The next code supposed to work TF v1, but i can't guarantee that.

In [0]:
LOG_DIR = os.path.join(ml_folder, "jockey_detection")


get_ipython().system_raw(
    'tensorboard --logdir {} --host 0.0.0.0 --port 6006 &'
    .format(LOG_DIR)
)


Let's check if we succesfully did it.

In case of mistake you'll get 
```Failed to connect to localhost port 6006: Connection refused```

Otherwise there will be a listing of HTML code


In [0]:
! curl http://localhost:6006

Launch ngrok

In [0]:
ngrok_path = os.path.join(ml_folder, "ngrok", "ngrok")
get_ipython().system_raw('{} http 6006 &'.format(ngrok_path))

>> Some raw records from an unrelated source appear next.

lemma Smat_finite: "finite (Smat q r)"
proof -
  let ?rows = "{row. set row \<subseteq> {0..sum_list q} \<and> length row \<le> length r}"
  have "Smat q r \<subseteq> {Z. set Z \<subseteq> ?rows \<and> length Z \<le> length q}"
  proof clarify
    fix Z assume Z: "Z \<in> Smat q r"
    have "row \<in> ?rows" if "row \<in> set Z" for row
    proof -
      obtain i where i: "i < length q" "row = Z ! i"
        using Z \<open>row \<in> set Z\<close> by (auto simp: Smat_def in_set_conv_nth)
      have "x \<le> sum_list q" if "x \<in> set row" for x
      proof -
        have "x \<le> sum_list row" using that by (rule member_le_sum_list) simp
        also have "\<dots> = q ! i" using Z i by (simp add: Smat_def)
        also have "\<dots> \<le> sum_list q" using i(1) by (rule elem_le_sum_list)
        finally show ?thesis .
      qed
      then show ?thesis using Z i by (auto simp: Smat_def)
    qed
    then show "set Z \<subseteq> ?rows \<and> length Z \<le> length q" using Z by (auto simp: Smat_def)
  qed
  moreover have "finite {Z. set Z \<subseteq> ?rows \<and> length Z \<le> length q}"
    by (intro finite_lists_length_le) (simp add: finite_lists_length_le)
  ultimately show ?thesis by (rule finite_subset)
qed

theorem chi_mult_eq_sum_Smat:
  assumes "\<sigma> permutes {0..<n}"
  shows "chi n q \<sigma> * chi n r \<sigma> = (\<Sum>Z\<in>Smat q r. chi n (cZ Z) \<sigma>)"
proof -
  let ?A = "{0..<n}" and ?I = "{0..<length q}" and ?J = "{0..<length r}"
  let ?HZ = "\<lambda>Z. invariant_colourings ?A \<sigma> (?I \<times> ?J) (\<lambda>(i, j). Z ! i ! j)"
  have \<sigma>: "\<forall>k\<in>?A. \<sigma> k \<in> ?A" using permutes_in_image[OF assms] by auto
  have disjoint: "?HZ Z1 \<inter> ?HZ Z2 = {}"
    if "Z1 \<in> Smat q r" "Z2 \<in> Smat q r" "Z1 \<noteq> Z2" for Z1 Z2
  proof (rule ccontr)
    assume "?HZ Z1 \<inter> ?HZ Z2 \<noteq> {}"
    then obtain h where "h \<in> ?HZ Z1" "h \<in> ?HZ Z2" by blast
    then have "Z1 = Z2"
      by (intro Smat_eqI[OF that(1,2)]) (auto simp: invariant_colourings_def)
    with that(3) show False ..
  qed
  have "chi n q \<sigma> * chi n r \<sigma> = card (invariant_colouring_pairs ?A \<sigma> ?I ?J ((!) q) ((!) r))"
    unfolding chi_eq_card_invariant_colourings by (rule card_invariant_colourings_mult[OF \<sigma>])
  also have "\<dots> = (\<Sum>Z\<in>Smat q r. card (?HZ Z))"
    unfolding invariant_colouring_pairs_eq_UN_Smat[OF finite_atLeastLessThan]
    using Smat_finite disjoint by (intro card_UN_disjoint) (auto intro: finite_invariant_colourings)
  also have "\<dots> = (\<Sum>Z\<in>Smat q r. chi n (cZ Z) \<sigma>)"
    by (intro sum.cong refl)
       (simp add: card_invariant_colourings_Smat_eq_cZ[OF _ _ \<sigma>] chi_eq_card_invariant_colourings)
  finally show ?thesis .
qed

lemma length_le_sum_list_nonzero: "0 \<notin> set xs \<Longrightarrow> length xs \<le> sum_list (xs :: nat list)"
  by (induction xs) auto

lemma finite_compositions: "finite (compositions n)"
proof (rule finite_subset)
  show "compositions n \<subseteq> {xs. set xs \<subseteq> {0..n} \<and> length xs \<le> n}"
    using length_le_sum_list_nonzero member_le_sum_list
    by (fastforce simp: compositions_def)
qed (simp add: finite_lists_length_le)

lemma sum_list_concat: "sum_list (concat xss) = sum_list (map sum_list xss)"
  by (induction xss) auto

lemma sum_list_filter_nonzero: "sum_list (filter (\<lambda>a. a \<noteq> 0) xs) = sum_list xs"
  by (induction xs) auto

lemma cZ_in_compositions:
  assumes "Z \<in> Smat q r" and "q \<in> compositions n"
  shows "cZ Z \<in> compositions n"
proof -
  have "map sum_list Z = q" using assms(1) by (auto simp: Smat_def intro!: nth_equalityI)
  then have "sum_list (cZ Z) = sum_list q"
    by (simp only: cZ_def sum_list_filter_nonzero sum_list_concat)
  then show ?thesis using assms(2) by (simp add: compositions_def cZ_def)
qed

lemma sum_Smat_card_cZ_chi:
  assumes q: "q \<in> compositions n" and \<sigma>: "\<sigma> permutes {0..<n}"
  shows "(\<Sum>s\<in>compositions n. of_nat (card {Z\<in>Smat q r. cZ Z = s}) * of_nat (chi n s \<sigma>))
         = (of_nat (chi n q \<sigma> * chi n r \<sigma>) :: 'k::semiring_1)"
proof -
  have "(\<Sum>s\<in>compositions n. card {Z\<in>Smat q r. cZ Z = s} * chi n s \<sigma>)
      = (\<Sum>s\<in>compositions n. \<Sum>Z\<in>{Z\<in>Smat q r. cZ Z = s}. chi n (cZ Z) \<sigma>)"
    by (intro sum.cong) auto
  also have "\<dots> = (\<Sum>Z\<in>Smat q r. chi n (cZ Z) \<sigma>)"
    using Smat_finite finite_compositions cZ_in_compositions[OF _ q] by (intro sum.group) auto
  also have "\<dots> = chi n q \<sigma> * chi n r \<sigma>" using chi_mult_eq_sum_Smat[OF \<sigma>] by simp
  finally show ?thesis by (metis (mono_tags, lifting) of_nat_mult of_nat_sum sum.cong)
qed

lemma desc_phi_mult:
  assumes \<sigma>: "\<sigma> permutes {0..<n}"
  shows "desc_phi n (desc_mult n y a) \<sigma> = desc_phi n y \<sigma> * desc_phi n (a :: nat list \<Rightarrow> 'k::field) \<sigma>"
proof -
  let ?C = "compositions n"
  let ?c = "\<lambda>q r s. of_nat (card {Z\<in>Smat q r. cZ Z = s}) * (of_nat (chi n s \<sigma>) :: 'k)"
  have "desc_phi n (desc_mult n y a) \<sigma> = (\<Sum>s\<in>?C. \<Sum>q\<in>?C. \<Sum>r\<in>?C. y q * a r * ?c q r s)"
    by (simp add: desc_phi_def desc_mult_def sum_distrib_right mult.assoc)
  also have "\<dots> = (\<Sum>q\<in>?C. \<Sum>r\<in>?C. \<Sum>s\<in>?C. y q * a r * ?c q r s)"
    by (subst sum.swap) (intro sum.cong refl sum.swap)
  also have "\<dots> = (\<Sum>q\<in>?C. \<Sum>r\<in>?C. y q * a r * of_nat (chi n q \<sigma> * chi n r \<sigma>))"
    by (simp add: sum_distrib_left[symmetric] sum_Smat_card_cZ_chi[OF _ \<sigma>])
  also have "\<dots> = desc_phi n y \<sigma> * desc_phi n a \<sigma>"
    unfolding desc_phi_def sum_product by (intro sum.cong refl) (simp add: mult_ac)
  finally show ?thesis .
qed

Get the url where you can observe your tensorboard

In [17]:
! curl -s http://localhost:4040/api/tunnels | python3 -c \
    "import sys, json; print(json.load(sys.stdin)['tunnels'][0]['public_url'])"

http://0bef416e.ngrok.io


## Launching tensorboard with TF v2
Please, pay attention, that you need restart runtime if you've aready switched to tf v1. 

You could do this "Runtime(tab) -> Restart runtime"

In [1]:
%cd ml_folder/"/jockey_detection/model"

/content/drive/My Drive/colab_tf_od_train_results/models/jockey_detection/model


In [10]:
%load_ext tensorboard
%tensorboard --logdir=./ --port=6006
# %reload_ext tensorboard

The tensorboard extension is already loaded. To reload it, use:
  %reload_ext tensorboard


<IPython.core.display.Javascript object>

If you see a tensorboard in a cell it means that everything went fine.

What i personally found more convenient is to make an another notebook with tensorboard launch only. In this case you don't need to restart runtime.